Around 1821 the writer Pierce Egan wrote a semi-autobiographical account of a visit to the Coach and Horses public house on Nightingale Lane (now called Thomas More Street) in East Smithfield. The story tells of three upper class friends who tiring of high society events decide to “see a bit of life at the East End of Town”. Egan compares the East Ends informal egalitarian nightlife favourably to the formality of the West End.

every cove that put in his appearance was quite welcome, colour or country considered no obstacle...the group motley indeed; Lascars, blacks, jack tars, coalheavers, dustmen, women of colour, old and young, and a sprinkling of the remnants of once fine girls, &c. were all jigging together
— Pierce Egan, The True History of Tom & Jerry:
or, Life in London (1821)

===Poverty and philanthropy===
In 1844, "An Association for promoting Cleanliness among the Poor" was established, and they built a bath-house and laundry in Glasshouse Yard.

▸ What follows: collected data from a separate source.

lemma norm_later_projection_le_of_cyl_measure:
  assumes "prob_space P" "sets P = Sigma_alg S \<Gamma>"
    and cyl_measure: "\<And>ws. ws \<noteq> [] \<Longrightarrow> sorted_wrt (<) (map fst ws) \<Longrightarrow> ws \<in> pi_words S \<Gamma> \<Longrightarrow>
       measure P (cyl S \<Gamma> ws) = (norm (apply_seq p ws \<psi>))\<^sup>2"
    and "s \<in> S" "t \<in> S" "s < t" "c \<in> \<Gamma> s" "b \<in> \<Gamma> t"
  shows "norm (p t b (p s c \<psi>)) \<le> norm (p t b \<psi>)"
proof -
  interpret prob_space P by fact
  have "cyl S \<Gamma> [(t, b)] \<in> cyl_gens S \<Gamma>"
    using assms(5,8) unfolding cyl_gens_def cyl_def by auto
  then have "cyl S \<Gamma> [(t, b)] \<in> sets P"
    unfolding assms(2) Sigma_alg_def by (rule sigma_sets.Basic)
  moreover have "cyl S \<Gamma> [(s, c), (t, b)] \<subseteq> cyl S \<Gamma> [(t, b)]" by (auto simp: cyl_def)
  ultimately have "measure P (cyl S \<Gamma> [(s, c), (t, b)]) \<le> measure P (cyl S \<Gamma> [(t, b)])"
    by (intro finite_measure_mono)
  then have "(norm (p t b (p s c \<psi>)))\<^sup>2 \<le> (norm (p t b \<psi>))\<^sup>2"
    using assms(4-8) by (simp add: cyl_measure pi_words_def apply_seq_def)
  then show ?thesis by (rule power2_le_imp_le) simp
qed

lemma apply_seq_eq_if_mset_eq:
  assumes commute: "\<And>s a t b. (s, a) \<in> set ws \<Longrightarrow> (t, b) \<in> set ws \<Longrightarrow>
      p s a \<circ> p t b = p t b \<circ> p s a"
    and "mset (map (\<lambda>(t, a). p t a) ws) = mset (map (\<lambda>(t, a). p t a) vs)"
  shows "apply_seq p ws = apply_seq p vs"
  unfolding apply_seq_conv_fold
proof (rule fold_multiset_equiv[OF _ assms(2)])
  fix f g
  assume "f \<in> set (map (\<lambda>(t, a). p t a) ws)" "g \<in> set (map (\<lambda>(t, a). p t a) ws)"
  then obtain s a t b where mem: "(s, a) \<in> set ws" "(t, b) \<in> set ws"
    and fg: "f = p s a" "g = p t b"
    by auto
  show "f \<circ> g = g \<circ> f" unfolding fg by (rule commute[OF mem])
qed

lemma H_pi_eq_UNIV_if_commute:
  assumes commute: "\<And>s t a b. s \<in> S \<Longrightarrow> t \<in> S \<Longrightarrow> a \<in> \<Gamma> s \<Longrightarrow> b \<in> \<Gamma> t \<Longrightarrow>
      p s a \<circ> p t b = p t b \<circ> p s a"
  shows "H_pi S \<Gamma> p = UNIV"
proof -
  have "\<phi> \<in> H_pi S \<Gamma> p" for \<phi>
    unfolding H_pi_def
  proof (intro CollectI ballI impI)
    fix ws vs
    assume ws: "ws \<in> pi_words S \<Gamma>"
      and "mset (map (\<lambda>(t, a). p t a) ws) = mset (map (\<lambda>(t, a). p t a) vs)"
    then have "apply_seq p ws = apply_seq p vs"
      by (intro apply_seq_eq_if_mset_eq commute) (auto simp: pi_words_def)
    then show "apply_seq p ws \<phi> = apply_seq p vs \<phi>" by simp
  qed
  then show ?thesis by blast
qed

lemma projections_commute_of_cyl_measure:
  fixes p :: "'s::linorder \<Rightarrow> 'b \<Rightarrow> 'a::complex_hilbert \<Rightarrow> 'a"
  assumes proj: "\<And>t a. t \<in> S \<Longrightarrow> a \<in> \<Gamma> t \<Longrightarrow> is_projection (p t a)"
    and dense: "closure V = UNIV"
    and prob: "\<And>\<phi>. \<phi> \<in> V \<Longrightarrow> \<phi> \<noteq> 0 \<Longrightarrow>
       \<exists>P. prob_space P \<and> space P = Omega S \<Gamma> \<and> sets P = Sigma_alg S \<Gamma> \<and>
         (\<forall>ws. ws \<noteq> [] \<and> sorted_wrt (<) (map fst ws) \<and> ws \<in> pi_words S \<Gamma> \<longrightarrow>
            measure P (cyl S \<Gamma> ws) = (norm (apply_seq p ws (normalize \<phi>)))\<^sup>2)"
    and "s \<in> S" "t \<in> S" "s < t" "c \<in> \<Gamma> s" "b \<in> \<Gamma> t"
  shows "p t b \<circ> p s c = p s c \<circ> p t b"
proof (rule projections_commute_if_norm_le_on_dense[OF proj proj dense])
  show "t \<in> S" "b \<in> \<Gamma> t" "s \<in> S" "c \<in> \<Gamma> s" by fact+
next
  fix \<phi>
  assume "\<phi> \<in> V"
  show "norm (p t b (p s c \<phi>)) \<le> norm (p t b \<phi>)"
  proof (cases "\<phi> = 0")
    case True
    then show ?thesis
      using projection_zero[OF proj[OF assms(4,7)]] projection_zero[OF proj[OF assms(5,8)]] by simp
  next
    case False
    with prob[OF \<open>\<phi> \<in> V\<close>] obtain P where P: "prob_space P" "sets P = Sigma_alg S \<Gamma>"
      and cyl_measure: "\<forall>ws. ws \<noteq> [] \<and> sorted_wrt (<) (map fst ws) \<and> ws \<in> pi_words S \<Gamma> \<longrightarrow>
          measure P (cyl S \<Gamma> ws) = (norm (apply_seq p ws (normalize \<phi>)))\<^sup>2"
      by blast
    have bl: "bounded_linear (p t b)" "bounded_linear (p s c)"
      using assms(4,5,7,8) by (simp_all add: projection_bounded_linear proj)
    have "norm (p t b (p s c (normalize \<phi>))) \<le> norm (p t b (normalize \<phi>))"
      by (rule norm_later_projection_le_of_cyl_measure[OF P _ assms(4-8)]) (use cyl_measure in blast)
    then show ?thesis
      by (rule norm_le_of_normalize[OF bounded_linear.linear[OF bounded_linear_compose[OF bl]]
            bounded_linear.linear[OF bl(1)]])
  qed
qed

theorem theorem7:
  fixes S :: "'s::linorder set"
    and \<Gamma> :: "'s \<Rightarrow> 'b set"
    and p :: "'s \<Rightarrow> 'b \<Rightarrow> 'a::complex_hilbert \<Rightarrow> 'a"
    and V :: "'a set"
  assumes countable: "\<And>t. t \<in> S \<Longrightarrow> countable (\<Gamma> t)"
    and proj: "\<And>t a. t \<in> S \<Longrightarrow> a \<in> \<Gamma> t \<Longrightarrow> is_projection (p t a)"
    and resolution: "\<And>t x. t \<in> S \<Longrightarrow> ((\<lambda>a. p t a x) has_sum x) (\<Gamma> t)"
    and dense: "closure V = UNIV"
    and prob: "\<And>\<phi>. \<phi> \<in> V \<Longrightarrow> \<phi> \<noteq> 0 \<Longrightarrow>
       \<exists>P. prob_space P \<and> space P = Omega S \<Gamma> \<and> sets P = Sigma_alg S \<Gamma> \<and>
         (\<forall>ws. ws \<noteq> [] \<and> sorted_wrt (<) (map fst ws) \<and> ws \<in> pi_words S \<Gamma> \<longrightarrow>
            measure P (cyl S \<Gamma> ws) = (norm (apply_seq p ws (normalize \<phi>)))\<^sup>2)"
  shows "H_pi S \<Gamma> p = UNIV \<and>
    (\<forall>s\<in>S. \<forall>t\<in>S. \<forall>a\<in>\<Gamma> s. \<forall>b\<in>\<Gamma> t. p s a \<circ> p t b = p t b \<circ> p s a)"
proof -
  have commute: "p s a \<circ> p t b = p t b \<circ> p s a"
    if "s \<in> S" "t \<in> S" "a \<in> \<Gamma> s" "b \<in> \<Gamma> t" for s t a b
  proof (cases s t rule: linorder_cases)
    case less
    show ?thesis
      using projections_commute_of_cyl_measure[OF proj dense prob that(1,2) less that(3,4)]
      by (rule sym)
  next
    case greater
    show ?thesis
      by (rule projections_commute_of_cyl_measure[OF proj dense prob that(2,1) greater that(4,3)])
  next
    case equal
    with that have "a \<in> \<Gamma> t" by simp
    show ?thesis unfolding equal
      by (rule resolution_commute[OF resolution[OF that(2)] proj[OF that(2)] \<open>a \<in> \<Gamma> t\<close> that(4)])
  qed
  show ?thesis by (intro conjI ballI H_pi_eq_UNIV_if_commute[OF commute] commute)
qed

end
(* If a graph $G$ is a $k$-interval-PCG, then its complement $\overline{G}$ is a $(k+1)$-interval-PCG.
   Context: All trees are unrooted with edges weighted by nonnegative reals; $d_T(u,v)$ is the weight of the path between leaves $u,v$ of $T$. A graph $G$ is a $k$-interval-PCG if there exist a tree $T$ whose leaf set is $V(G)$ and $k$ pairwise disjoint intervals $I_1,\ldots,I_k$ of nonnegative reals such that $\{u,v\}\in E(G)$ iff $d_T(u,v)\in I_i$ for some $i$. The complement $\overline{G}$ has vertex set $V(G)$ and as edges exactly the non-edges of $G$. *)

theory Defs
  imports "HOL-Analysis.Analysis"
begin

definition simple_graph :: "'a set \<Rightarrow> 'a set set \<Rightarrow> bool" where
  "simple_graph V E \<longleftrightarrow> finite V \<and>
     (\<forall>e\<in>E. \<exists>u v. u \<in> V \<and> v \<in> V \<and> u \<noteq> v \<and> e = {u, v})"

definition graph_complement :: "'a set \<Rightarrow> 'a set set \<Rightarrow> 'a set set" where
  "graph_complement V E = {{u, v} | u v. u \<in> V \<and> v \<in> V \<and> u \<noteq> v \<and> {u, v} \<notin> E}"

definition is_tree_path :: "'n set \<Rightarrow> 'n set set \<Rightarrow> 'n list \<Rightarrow> 'n \<Rightarrow> 'n \<Rightarrow> bool" where
  "is_tree_path TN TE p u v \<longleftrightarrow> p \<noteq> [] \<and> hd p = u \<and> last p = v \<and> distinct p \<and>
     set p \<subseteq> TN \<and> (\<forall>i. Suc i < length p \<longrightarrow> {p ! i, p ! Suc i} \<in> TE)"

definition weighted_tree :: "'n set \<Rightarrow> 'n set set \<Rightarrow> ('n set \<Rightarrow> real) \<Rightarrow> bool" where
  "weighted_tree TN TE w \<longleftrightarrow> finite TN \<and> TN \<noteq> {} \<and>
     (\<forall>e\<in>TE. \<exists>x y. x \<in> TN \<and> y \<in> TN \<and> x \<noteq> y \<and> e = {x, y}) \<and>
     (\<forall>e\<in>TE. 0 \<le> w e) \<and>
     (\<forall>u\<in>TN. \<forall>v\<in>TN. \<exists>!p. is_tree_path TN TE p u v)"

definition path_weight :: "('n set \<Rightarrow> real) \<Rightarrow> 'n list \<Rightarrow> real" where
  "path_weight w p = (\<Sum>i < length p - 1. w {p ! i, p ! Suc i})"

definition tree_dist :: "'n set \<Rightarrow> 'n set set \<Rightarrow> ('n set \<Rightarrow> real) \<Rightarrow> 'n \<Rightarrow> 'n \<Rightarrow> real" where
  "tree_dist TN TE w u v = path_weight w (THE p. is_tree_path TN TE p u v)"

definition tree_leaves :: "'n set \<Rightarrow> 'n set set \<Rightarrow> 'n set" where
  "tree_leaves TN TE = {x \<in> TN. card {e \<in> TE. x \<in> e} \<le> 1}"

text \<open>Tree nodes have type 'a + nat: the leaves are exactly the
  copies Inl v of the graph vertices, internal nodes are Inr i (w.l.o.g.).\<close>
definition k_interval_PCG :: "nat \<Rightarrow> 'a set \<Rightarrow> 'a set set \<Rightarrow> bool" where
  "k_interval_PCG k V E \<longleftrightarrow> simple_graph V E \<and>
     (\<exists>(TN :: ('a + nat) set) TE w (I :: nat \<Rightarrow> real set).
        weighted_tree TN TE w \<and> tree_leaves TN TE = Inl ` V \<and>
        (\<forall>i<k. is_interval (I i) \<and> I i \<subseteq> {0..}) \<and>
        (\<forall>i<k. \<forall>j<k. i \<noteq> j \<longrightarrow> I i \<inter> I j = {}) \<and>
        (\<forall>u\<in>V. \<forall>v\<in>V. u \<noteq> v \<longrightarrow>
           ({u, v} \<in> E \<longleftrightarrow> (\<exists>i<k. tree_dist TN TE w (Inl u) (Inl v) \<in> I i))))"

end

theory Submission
  imports Defs
begin

text \<open>The same tree works for the complement: a pair is a non-edge of G iff its distance lies
  in the complement S of the union of the k intervals within the nonnegative reals.
  Removing a convex set C from a disjoint family of intervals splits at most one member in
  two (only a member containing C can reach past both sides of C), so by induction S is
  the disjoint union of k + 1 intervals.\<close>

definition strict_lower_bounds :: "real set \<Rightarrow> real set" where
  "strict_lower_bounds C = {x. \<forall>c\<in>C. x < c}"
lemma card_qmap_image:
  assumes "i \<noteq> n" and "i \<in> W \<longleftrightarrow> n \<in> W"
  shows "card (qmap n i ` W) = card (W - {n})"
proof -
  have "qmap n i ` W = qmap n i ` (W - {n})"
    using assms unfolding qmap_def by force
  moreover have "inj_on (qmap n i) (W - {n})"
    using assms(1) unfolding inj_on_def qmap_def by (auto split: if_splits)
  ultimately show ?thesis
    by (simp add: card_image)
qed

lemma Nnew_eq_card:
  assumes "i \<in> topspace X" and "n \<in> topspace X" and "i \<noteq> n"
  shows "Nnew X n k i = card {W. new_ksys X n k W \<and> (i \<in> W \<longleftrightarrow> n \<in> W)}"
proof -
  let ?A = "{V. qopen X n i V \<and> card V = k \<and> new_ksys X n k (qpre X n i V)}"
  let ?B = "{W. new_ksys X n k W \<and> (i \<in> W \<longleftrightarrow> n \<in> W)}"
  have "bij_betw (qpre X n i) ?A ?B"
  proof (rule bij_betw_imageI)
    show "inj_on (qpre X n i) ?A"
      by (rule inj_on_inverseI[where g = "image (qmap n i)"]) (simp add: qopen_def qmap_image_qpre)
    show "qpre X n i ` ?A = ?B"
    proof
      show "qpre X n i ` ?A \<subseteq> ?B"
        using mem_qpre_iff[OF assms(1,2)] by auto
      show "?B \<subseteq> qpre X n i ` ?A"
      proof
        fix W assume "W \<in> ?B"
        then have W: "new_ksys X n k W" "i \<in> W \<longleftrightarrow> n \<in> W"
          by auto
        then have "openin X W" and card: "card (W - {n}) = k"
          unfolding new_ksys_def msystem_def by auto
        then have "W \<subseteq> topspace X"
          using openin_subset by blast
        then have pre: "qpre X n i (qmap n i ` W) = W"
          using qpre_qmap_image[OF assms(3) _ W(2)] by blast
        have "qmap n i ` W \<in> ?A"
          unfolding qopen_def using pre W \<open>openin X W\<close> \<open>W \<subseteq> topspace X\<close> card
            card_qmap_image[OF assms(3) W(2)] by auto
        then show "W \<in> qpre X n i ` ?A"
          using pre by force
      qed
    qed
  qed
  then show ?thesis
    unfolding Nnew_def by (rule bij_betw_same_card)
qed

locale stage =
  fixes X :: "nat topology" and n k :: nat
  assumes two_le_n: "2 \<le> n" and topspace_eq: "topspace X = {1..n}" and one_le_k: "1 \<le> k"
begin

abbreviation pstar :: "nat \<Rightarrow> nat set" where
  "pstar p \<equiv> star X p - {n}"

lemma finite_topspace: "finite (topspace X)"
  by (simp add: topspace_eq)

lemma openin_finite: "openin X U \<Longrightarrow> finite U"
  using finite_topspace openin_subset by (rule finite_subset[rotated])

lemma card_pstar_le:
  assumes "openin X U" and "p \<in> U"
  shows "card (pstar p) \<le> card (U - {n})"
  using star_subset_openin[OF assms] openin_finite[OF assms(1)] by (intro card_mono) auto

lemma mem_old_pts_iff: "p \<in> old_pts X n k \<longleftrightarrow> p \<in> topspace X \<and> p \<noteq> n \<and> card (pstar p) < k"
  unfolding old_pts_def msystem_def using openin_star[OF finite_topspace] by auto

lemma mem_new_pts_iff: "p \<in> new_pts X n k \<longleftrightarrow> p \<in> topspace X \<and> p \<noteq> n \<and> card (pstar p) = k"
  unfolding new_pts_def msystem_def using openin_star[OF finite_topspace] by auto

lemma new_pts_subset_Iset: "new_pts X n k \<subseteq> Iset X n k"
  unfolding Iset_def using mem_new_pts_iff mem_old_pts_iff topspace_eq by auto

text \<open>The sets A_j \<union> R_j of the statement.\<close>

definition cores :: "nat set set" where
  "cores = pstar ` new_pts X n k"

lemma finite_cores: "finite cores"
proof -
  have "new_pts X n k \<subseteq> topspace X"
    by (auto simp: new_pts_def)
  then show ?thesis
    unfolding cores_def using finite_topspace by (meson finite_imageI finite_subset)
qed

lemma mem_core_iff:
  assumes "B \<in> cores" and p: "p \<in> new_pts X n k"
  shows "p \<in> B \<longleftrightarrow> B = pstar p"
proof
  obtain q where q: "q \<in> new_pts X n k" "B = pstar q"
    using assms(1) unfolding cores_def by auto
  assume "p \<in> B"
  then have "pstar p \<subseteq> pstar q"
    using q star_subset_openin openin_star[OF finite_topspace] mem_new_pts_iff by blast
  moreover have "finite (pstar q)"
    using q openin_star[OF finite_topspace] openin_finite mem_new_pts_iff by blast
  ultimately show "B = pstar p"
    using q p mem_new_pts_iff card_subset_eq by metis
next
  show "B = pstar p \<Longrightarrow> p \<in> B"
    using p star_mem mem_new_pts_iff by blast
qed

lemma core_subset: "B \<in> cores \<Longrightarrow> B \<subseteq> old_pts X n k \<union> new_pts X n k"
proof
  fix q assume "B \<in> cores" and "q \<in> B"
  then obtain p where p: "p \<in> new_pts X n k" and q: "q \<in> star X p" "q \<noteq> n"
    unfolding cores_def by auto
  have "openin X (star X p)"
    using p openin_star[OF finite_topspace] by (simp add: mem_new_pts_iff)
  then have "q \<in> topspace X"
    using openin_subset q(1) by blast
  have "card (pstar q) \<le> card (pstar p)"
    using card_pstar_le[OF \<open>openin X (star X p)\<close> q(1)] .
  then have "card (pstar q) \<le> k"
    using p by (simp add: mem_new_pts_iff)
  then show "q \<in> old_pts X n k \<union> new_pts X n k"
    using q(2) \<open>q \<in> topspace X\<close> by (auto simp: mem_old_pts_iff mem_new_pts_iff)
qed

lemma n_notin_core: "B \<in> cores \<Longrightarrow> n \<notin> B"
  unfolding cores_def by auto

lemma new_ksys_iff: "new_ksys X n k W \<longleftrightarrow> openin X W \<and> W - {n} \<in> cores"
proof
  assume "new_ksys X n k W"
  then obtain p where pW: "p \<in> W" and "p \<noteq> n"
    and fresh: "\<And>m Q. m \<le> k - 1 \<Longrightarrow> msystem X n m Q \<Longrightarrow> p \<notin> Q"
    and W: "openin X W" "card (W - {n}) = k"
    unfolding new_ksys_def msystem_def by blast
  have p: "p \<in> topspace X"
    using openin_subset[OF W(1)] pW by blast
  have "\<not> card (pstar p) < k"
  proof
    assume "card (pstar p) < k"
    then have "msystem X n (card (pstar p)) (star X p)" and "card (pstar p) \<le> k - 1"
      using openin_star[OF finite_topspace p] unfolding msystem_def by auto
    then show False
      using fresh star_mem by blast
  qed
  then have "card (pstar p) = card (W - {n})"
    using card_pstar_le[OF W(1) pW] W(2) by linarith
  then have "W - {n} = pstar p"
    using star_subset_openin[OF W(1) pW] openin_finite[OF W(1)]
    by (intro card_subset_eq[symmetric]) auto
  moreover have "p \<in> new_pts X n k"
    using calculation W(2) p \<open>p \<noteq> n\<close> by (simp add: mem_new_pts_iff)
  ultimately show "openin X W \<and> W - {n} \<in> cores"
    using W(1) unfolding cores_def by auto
next
  assume W: "openin X W \<and> W - {n} \<in> cores"
  then obtain p where p: "p \<in> new_pts X n k" and Wp: "W - {n} = pstar p"
    unfolding cores_def by auto
  then have "p \<in> W" "p \<noteq> n" and card_W: "card (W - {n}) = k"
    using star_mem[of p X] by (auto simp: mem_new_pts_iff)
  moreover have "p \<notin> Q" if "m \<le> k - 1" and "msystem X n m Q" for m Q
  proof
    assume "p \<in> Q"
    then have "k \<le> m"
      using that(2) card_pstar_le[of Q p] card_W Wp unfolding msystem_def by auto
    then show False
      using that(1) one_le_k by linarith
  qed
  ultimately show "new_ksys X n k W"
    unfolding new_ksys_def msystem_def using W by blast
qed

lemma new_ksys_set_eq:
  "{W. new_ksys X n k W} =
     {B \<in> cores. openin X B} \<union> (\<lambda>B. B \<union> {n}) ` {B \<in> cores. openin X (B \<union> {n})}"
proof (intro set_eqI iffI)
  fix W assume "W \<in> {W. new_ksys X n k W}"
  then have W: "openin X W" "W - {n} \<in> cores"
    by (auto simp: new_ksys_iff)
  show "W \<in> {B \<in> cores. openin X B} \<union> (\<lambda>B. B \<union> {n}) ` {B \<in> cores. openin X (B \<union> {n})}"
  proof (cases "n \<in> W")
    case True
    then have "W = (W - {n}) \<union> {n}"
      by blast
    then show ?thesis
      using W by (metis (mono_tags, lifting) UnI2 image_eqI mem_Collect_eq)
  next
    case False
    then show ?thesis
      using W by simp
  qed
next
  fix W assume "W \<in> {B \<in> cores. openin X B} \<union> (\<lambda>B. B \<union> {n}) ` {B \<in> cores. openin X (B \<union> {n})}"
  then show "W \<in> {W. new_ksys X n k W}"
    using n_notin_core by (auto simp: new_ksys_iff)
qed

abbreviation upper_cores :: "nat set set" where
  "upper_cores \<equiv> {B \<in> cores. openin X B}"

lemma upper_new_ksys_eq: "{W. new_ksys X n k W \<and> n \<notin> W} = upper_cores"
  using new_ksys_set_eq n_notin_core by auto
lemma igloo_config_space_iff:
  fixes \<alpha> \<beta> \<rho>\<^sub>1 \<rho>\<^sub>2 \<rho>\<^sub>3 \<rho>\<^sub>4 :: real
  defines "H \<equiv> igloo_half \<alpha> \<beta> \<rho>\<^sub>2 \<rho>\<^sub>3"
  assumes "- pi \<le> \<rho>\<^sub>2" "\<rho>\<^sub>2 \<le> pi" "- pi \<le> \<rho>\<^sub>3" "\<rho>\<^sub>3 \<le> pi"
    and "- pi < \<rho>\<^sub>1" "\<rho>\<^sub>1 < pi" "- pi < \<rho>\<^sub>4" "\<rho>\<^sub>4 < pi"
    and H31: "H$3$1 \<noteq> 0" and H13: "H$1$3 \<noteq> 0"
  shows "[\<rho>\<^sub>1, \<rho>\<^sub>2, \<rho>\<^sub>3, \<rho>\<^sub>4, \<rho>\<^sub>3, \<rho>\<^sub>2] \<in> config_space (igloo_sectors \<alpha> \<beta>) \<longleftrightarrow>
         tan (\<rho>\<^sub>1 / 2) = H$2$1 / H$3$1 \<and> tan (\<rho>\<^sub>4 / 2) = - H$1$2 / H$1$3"
proof -
  have "[\<rho>\<^sub>1, \<rho>\<^sub>2, \<rho>\<^sub>3, \<rho>\<^sub>4, \<rho>\<^sub>3, \<rho>\<^sub>2] \<in> config_space (igloo_sectors \<alpha> \<beta>) \<longleftrightarrow>
        fold_matrix (igloo_sectors \<alpha> \<beta>) [\<rho>\<^sub>1, \<rho>\<^sub>2, \<rho>\<^sub>3, \<rho>\<^sub>4, \<rho>\<^sub>3, \<rho>\<^sub>2] = mat 1"
    using assms(2-9) by (simp add: config_space_def igloo_sectors_def)
  also have "\<dots> \<longleftrightarrow> rot_x (2 * (\<rho>\<^sub>1 / 2)) ** H ** rot_x (2 * (\<rho>\<^sub>4 / 2)) = reflect_y ** H ** reflect_y"
    by (simp add: igloo_fold_eq_one_iff H_def)
  also have "\<dots> \<longleftrightarrow> cos (\<rho>\<^sub>1 / 2) * H$2$1 = sin (\<rho>\<^sub>1 / 2) * H$3$1 \<and>
                     cos (\<rho>\<^sub>4 / 2) * H$1$2 + sin (\<rho>\<^sub>4 / 2) * H$1$3 = 0"
    using orthogonal_matrix_igloo_half H31 unfolding H_def by (rule rot_x_sandwich_eq_reflect_y_conj_iff)
  also have "\<dots> \<longleftrightarrow> tan (\<rho>\<^sub>1 / 2) = H$2$1 / H$3$1 \<and> tan (\<rho>\<^sub>4 / 2) = - H$1$2 / H$1$3"
    using tan_half_eq_divide_iff[of \<rho>\<^sub>1 "H$3$1" "H$2$1"] tan_half_eq_divide_iff[of \<rho>\<^sub>4 "H$1$3" "- H$1$2"]
      assms(6-9) H31 H13 by argo
  finally show ?thesis .
qed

This cost a single penny for bathing or washing, and by June 1847 was receiving 4,284 people a year. This led to an act of Parliament to encourage other municipalities to build their own, and the model spread quickly throughout the East End. Timbs noted that "... so strong was the love of cleanliness thus encouraged that women often toiled to wash their own and their children's clothing, who had been compelled to sell their hair to purchase food to satisfy the cravings of hunger".

===Economic Activity===
A Pentecost fair was granted in the district in 1229. The Royal Mint moved from the Tower of London, to a site at the end of East Smithfield in 1809. Today, this building, by Robert Smirke and its gatehouse are all that remain; the rest being swept away by continual expansion, until in November 1975, the London Mint was closed and production transferred to Wales. The site is intended to become the new Chinese Embassy.

In 1828, the entirety of Katharine's district, as well as southern East Smithfield were swept away to allow the construction of St Katharine Docks. Around 11,000 people were evicted and had to find new homes.

==Notable people==
- Edmund Spenser, poet, born in East Smithfield around 1552.

==See also==
- Smithfield, London - Sometimes referred to as West Smithfield

==Transport==
The nearest Docklands Light Railway station is Tower Gateway.

The nearest London Underground station is Tower Hill on the District and Circle lines.